Facilitator Abilities

There are some basic abilities that a process facilitator needs to develop in order to be successful. These are in addition to the technical knowledge she needs to have. The practical abilities lay the foundation for the session, and will in the long run be senior to any theoretical knowledge.

First of all the facilitator needs to be able to be present.

For a beginning facilitator that simply means that she must be able to stay in the same room with the client for an hour or two, without falling asleep, while maintaining some sort of interest in the client's situation. But that is only the low rung of a long scale of degrees of presence.

An advanced facilitator would have a presence that would be felt in the whole room. Clients would frequently get well simply by entering her space. She would permeate the space with confidence and certainty, and things would tend to sort themselves out without much effort on her part.

There are many steps in-between of course. Anything you can do to be more there with the person leads in the right direction. Becoming less dependent on the ritual of a session, being more perceptive of what the client is actually doing, clearing your own semantic reactions, practice, practice, practice.

Next, the facilitator must be able to be neutral and non-judgmental.

A new facilitator must at least be able to fake it and suspend her own attitudes and reactions while she is doing the session. She would exercise not having distracting body mannerisms, and she would exercise speaking in a neutral language.

An advanced process facilitator really would be non-judgmental. She would be perfectly willing to explore any viewpoint without any need to make it right or wrong. She would naturally see things from a level of wholeness and cause.

The facilitator can develop her ability to be neutral by doing communication exercises, by following the rules of processing, and by familiarizing herself with many different viewpoints.

Next, a process facilitator needs to be cause, and she needs to know what to do.

In the first place that just means that she needs to have a system of knowing what to do next. She might maintain index cards with directions on them, or develop mnemonic systems of remembering different techniques. As long as she maintains the appearance that she is in charge and she knows what she is doing.

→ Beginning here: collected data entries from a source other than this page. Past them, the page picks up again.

lemma sums_harm2_central_binomial:
  fixes x :: real
  assumes "0 \<le> x" "x < 4"
  shows "(\<lambda>n. let k = Suc n in harm2 (k - 1) * x ^ k / (real k * real ((2*k) choose k)))
           sums (4/3 * sqrt (x / (4 - x)) * (arcsin (sqrt x / 2))^3)"
  using sums_harm2_sin_sq_tan[OF arcsin_half_sqrt(1,2)[OF assms]]
  unfolding arcsin_half_sqrt(3,4)[OF assms] .

lemma sums_harm2_sin_sq_combination:
  assumes "0 \<le> a" "a < pi/2" "0 \<le> b" "b < pi/2"
    and \<alpha>: "4 * sin a ^ 2 = \<alpha>" and \<beta>: "4 * sin b ^ 2 = \<beta>"
    and c: "\<And>k. c k = p * \<alpha> ^ k + q * \<beta> ^ k"
    and S: "S = 2/3 * (p * a^4 + q * b^4)"
  shows "(\<lambda>n. let k = Suc n in c k * harm2 (k - 1) / ((real k)^2 * real ((2*k) choose k))) sums S"
proof -
  have "(\<lambda>n. p * (let k = Suc n in harm2 (k - 1) * \<alpha> ^ k / ((real k)^2 * real ((2*k) choose k)))
           + q * (let k = Suc n in harm2 (k - 1) * \<beta> ^ k / ((real k)^2 * real ((2*k) choose k))))
        sums (p * (2/3 * a^4) + q * (2/3 * b^4))"
    unfolding \<alpha>[symmetric] \<beta>[symmetric] using assms(1-4)
    by (intro sums_add sums_mult sums_harm2_sin_sq)
  then show ?thesis
    unfolding S c by (simp add: Let_def algebra_simps add_divide_distrib)
qed

lemma four_sin_sq: "4 * sin x ^ 2 = 2 - 2 * cos (2 * x :: real)"
  by (simp add: cos_double_sin)

lemma cos_pi_div_5: "cos (pi/5) = (1 + sqrt 5) / 4"
proof -
  define c where "c = cos (pi/5)"
  have "c > 0"
    unfolding c_def using pi_gt_zero by (intro cos_gt_zero_pi) linarith+
  have "cos (3 * (pi/5)) = - cos (2 * (pi/5))"
    using cos_pi_minus[of "2 * (pi/5)"] by (simp add: field_simps)
  then have "4 * c^3 - 3 * c = - (2 * c^2 - 1)"
    unfolding c_def cos_treble_cos cos_double_cos .
  then have "(c + 1) * (4 * c^2 - 2 * c - 1) = 0"
    by (simp add: algebra_simps power2_eq_square power3_eq_cube)
  then have q: "4 * c^2 - 2 * c - 1 = 0"
    using \<open>c > 0\<close> by simp
  have "4 * c - 1 \<ge> 0"
  proof (rule ccontr)
    assume "\<not> 4 * c - 1 \<ge> 0"
    then have "c * c < (1/4) * (1/4)"
      using \<open>c > 0\<close> by (intro mult_strict_mono) auto
    then show False
      using q \<open>c > 0\<close> by (simp add: power2_eq_square)
  qed
  moreover have "(4 * c - 1)^2 = 5"
    using q by (simp add: algebra_simps power2_eq_square)
  ultimately have "sqrt 5 = 4 * c - 1"
    by (intro real_sqrt_unique) auto
  then show ?thesis
    unfolding c_def by simp
qed

lemma cos_2pi_div_5: "cos (2 * pi/5) = (sqrt 5 - 1) / 4"
proof -
  have "cos (2 * pi/5) = 2 * cos (pi/5)^2 - 1"
    using cos_double_cos[of "pi/5"] by simp
  also have "\<dots> = (sqrt 5 - 1) / 4"
    unfolding cos_pi_div_5 by (simp add: power2_eq_square field_simps)
  finally show ?thesis .
qed

lemma four_sin_sq_pi_div_10: "4 * sin (pi/10) ^ 2 = (3 - sqrt 5) / 2"
proof -
  have "2 * (pi/10) = pi/5"
    by simp
  then show ?thesis
    unfolding four_sin_sq by (simp only: cos_pi_div_5) (simp add: field_simps)
qed

lemma four_sin_sq_3pi_div_10: "4 * sin (3 * pi/10) ^ 2 = (3 + sqrt 5) / 2"
proof -
  have "2 * (3 * pi/10) = pi - 2 * pi/5"
    by simp
  then show ?thesis
    unfolding four_sin_sq by (simp only: cos_pi_minus cos_2pi_div_5) (simp add: field_simps)
qed

lemma four_sin_sq_pi_div_5: "4 * sin (pi/5) ^ 2 = (5 - sqrt 5) / 2"
proof -
  have "2 * (pi/5) = 2 * pi/5"
    by simp
  then show ?thesis
    unfolding four_sin_sq by (simp only: cos_2pi_div_5) (simp add: field_simps)
qed

lemma four_sin_sq_2pi_div_5: "4 * sin (2 * pi/5) ^ 2 = (5 + sqrt 5) / 2"
proof -
  have "2 * (2 * pi/5) = pi - pi/5"
    by simp
  then show ?thesis
    unfolding four_sin_sq by (simp only: cos_pi_minus cos_pi_div_5) (simp add: field_simps)
qed

lemma power_Suc_Suc_of_golden:
  fixes x :: real
  assumes "x^2 = x + 1"
  shows "x ^ Suc (Suc n) = x ^ Suc n + x ^ n"
proof -
  have "x ^ Suc (Suc n) = x^2 * x^n"
    by (simp add: power2_eq_square)
  also have "\<dots> = x ^ Suc n + x ^ n"
    unfolding assms by (simp add: algebra_simps)
  finally show ?thesis .
qed

lemma lucas_closed_form: "real (lucas n) = ((1 + sqrt 5)/2)^n + ((1 - sqrt 5)/2)^n"
proof (induction n rule: lucas.induct)
  case 1
  show ?case
    by simp
next
  case 2
  show ?case
    by (simp add: field_simps)
next
  case (3 n)
  have "((1 + sqrt 5)/2)^2 = (1 + sqrt 5)/2 + 1" "((1 - sqrt 5)/2)^2 = (1 - sqrt 5)/2 + 1"
    by (simp_all add: power2_eq_square field_simps)
  then show ?case
    using 3 by (simp only: power_Suc_Suc_of_golden lucas.simps of_nat_add)
qed

lemma golden_sq: "((1 + sqrt 5)/2)^2 = (3 + sqrt 5)/2" "((1 - sqrt 5)/2)^2 = (3 - sqrt 5)/2"
  by (simp_all add: power2_eq_square field_simps)

lemma lucas_double: "real (lucas (2*k)) = ((3 + sqrt 5)/2)^k + ((3 - sqrt 5)/2)^k"
  unfolding lucas_closed_form power_mult golden_sq ..

lemma fib_double: "real (fib (2*k)) = (((3 + sqrt 5)/2)^k - ((3 - sqrt 5)/2)^k) / sqrt 5"
  unfolding fib_closed_form power_mult golden_sq ..

lemma v_seq_u_seq_closed_form:
  "v_seq k = ((5 + sqrt 5)/2)^k + ((5 - sqrt 5)/2)^k"
  "u_seq k = (((5 + sqrt 5)/2)^k - ((5 - sqrt 5)/2)^k) / sqrt 5"
proof -
  define p :: real where "p = (1 + sqrt 5)/2"
  define q :: real where "q = (1 - sqrt 5)/2"
  have a: "((5 + sqrt 5)/2)^k = sqrt 5 ^ k * p^k"
    unfolding p_def power_mult_distrib[symmetric] by (simp add: field_simps)
  have b: "((5 - sqrt 5)/2)^k = (-1)^k * sqrt 5 ^ k * q^k"
    unfolding q_def power_mult_distrib[symmetric] by (simp add: field_simps)
  have L: "real (lucas k) = p^k + q^k"
    unfolding p_def q_def by (rule lucas_closed_form)
  have F: "real (fib k) = (p^k - q^k) / sqrt 5"
    unfolding p_def q_def by (rule fib_closed_form)
  have "v_seq k = ((5 + sqrt 5)/2)^k + ((5 - sqrt 5)/2)^k \<and>
        u_seq k = (((5 + sqrt 5)/2)^k - ((5 - sqrt 5)/2)^k) / sqrt 5"
  proof (cases "even k")
    case True
    then obtain m where k: "k = 2*m"
      by blast
    have "sqrt 5 ^ k = 5^m"
      unfolding k power_mult by simp
    then have "((5 + sqrt 5)/2)^k + ((5 - sqrt 5)/2)^k = 5^m * (p^k + q^k)"
      and "(((5 + sqrt 5)/2)^k - ((5 - sqrt 5)/2)^k) / sqrt 5 = 5^m * ((p^k - q^k) / sqrt 5)"
      unfolding a b using True by (simp_all add: algebra_simps diff_divide_distrib)
    then show ?thesis
      unfolding v_seq_def u_seq_def L F using True k by simp
  next
    case False
    then obtain m where k: "k = 2*m + 1"
      using oddE by blast
    have root: "sqrt 5 ^ k = 5^m * sqrt 5"
      unfolding k power_add power_mult by simp
    have sqrt5_sq: "sqrt 5 * (sqrt 5 * x) = 5 * x" for x :: real
      by (simp add: mult.assoc[symmetric])
    have "((5 + sqrt 5)/2)^k + ((5 - sqrt 5)/2)^k = 5^(m + 1) * ((p^k - q^k) / sqrt 5)"
      and "(((5 + sqrt 5)/2)^k - ((5 - sqrt 5)/2)^k) / sqrt 5 = 5^m * (p^k + q^k)"
      unfolding a b root using False by (simp_all add: field_simps sqrt5_sq)
    moreover have "(k + 1) div 2 = m + 1" "(k - 1) div 2 = m"
      using k by auto
    ultimately show ?thesis
      unfolding v_seq_def u_seq_def L F using False by simp
  qed
  then show "v_seq k = ((5 + sqrt 5)/2)^k + ((5 - sqrt 5)/2)^k"
    and "u_seq k = (((5 + sqrt 5)/2)^k - ((5 - sqrt 5)/2)^k) / sqrt 5"
    by simp_all
qed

A more advanced facilitator would more let her own creativity loose. She wouldn't need to refer to anything but would simply know what to do at all times. If she doesn't have an existing technique that fits the job she makes one up. The client probably won't even be aware that anything systematic and technical is going on.

The facilitator will become more and more cause as she makes the principles of processing her own and she starts to think with them. But really the key thing is that she takes responsibility for the session.

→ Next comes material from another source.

(* Let $\mu$ be a non-zero (countably additive, non-negative, complete) measure on a $\sigma$-algebra $\Sigma$ of subsets of a set $\Omega$, and let $X$ be a Banach space. Suppose the following condition holds: whenever $x,y,z\in S_{L_1(\mu,X)}$ (as functions $\Omega\to X$) satisfy \[ \{\omega\in\Omega:\ \text{$x(\omega)\neq0$ and $y(\omega)=0$, or $x(\omega)=0$ and $y(\omega)\neq 0$}\}=\emptyset, \] and real numbers $\lambda,\nu\in(0,1)$ with $\lambda+\nu=1$ are such that $\lambda x+\nu y=z$ in $L_1(\mu,X)$, and $U$ and $V$ are neighbourhoods of $x$ and $y$, respectively, in the relative weak topology of $B_{L_1(\mu,X)}$, then there is a neighbourhood $W$ of $z$ in the relative weak topology of $B_{L_1(\mu,X)}$ with $W\subset\lambda U+\nu V$. Then $L_1(\mu,X)$ has property CWO-S.
   Context: For a Banach space $Z$, $B_Z$ denotes its closed unit ball and $S_Z$ its unit sphere. $Z$ has property CWO-S if for every convex combination $C=\sum_{k=1}^m\lambda_kU_k$ ($\lambda_k>0$, $\sum_k\lambda_k=1$) of finitely many relatively weakly open subsets $U_k$ of $B_Z$, every $x\in C\cap S_Z$ is an interior point of $C$ in the relative weak topology of $B_Z$. *)

theory Defs
  imports "HOL-Analysis.Analysis"
begin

Next, a facilitator needs to be able to communicate. That includes the ability to say things in a way so that people receive it. And to listen to what people say and let then know that she heard it. And to make sure that questions are answered. These skills are also practiced in communication exercises.

For a starting facilitator we are simply interested in that she speaks so one can hear it and she gives some kind of signs to acknowledge that others have spoken.

An advanced facilitator might resolve something major simply with one well placed question or direction, or just with one good acknowledgment.

Finally a facilitator must be able to stay on a subject till it is completed. She should at least be able to stay on one subject for the duration of a session, and get back to it when necessary, despite she client getting off the subject.

Advanced facilitators would be able to juggle more actions at the same time and still get everything finished.

All of these abilities are basic human abilities: to be there, to talk, to listen, to understand, to act. An average human being can do these well enough to do a simple processing session. Which means that just about anybody can get started right away as a process facilitator. But from then on we aim at improving these skills to perfection.

A master process facilitator who produces miracles still does the same actions: she is there, she talks, she listens, she understands, and she acts. And she might well tell you that this is all that she does. But she does it to perfection.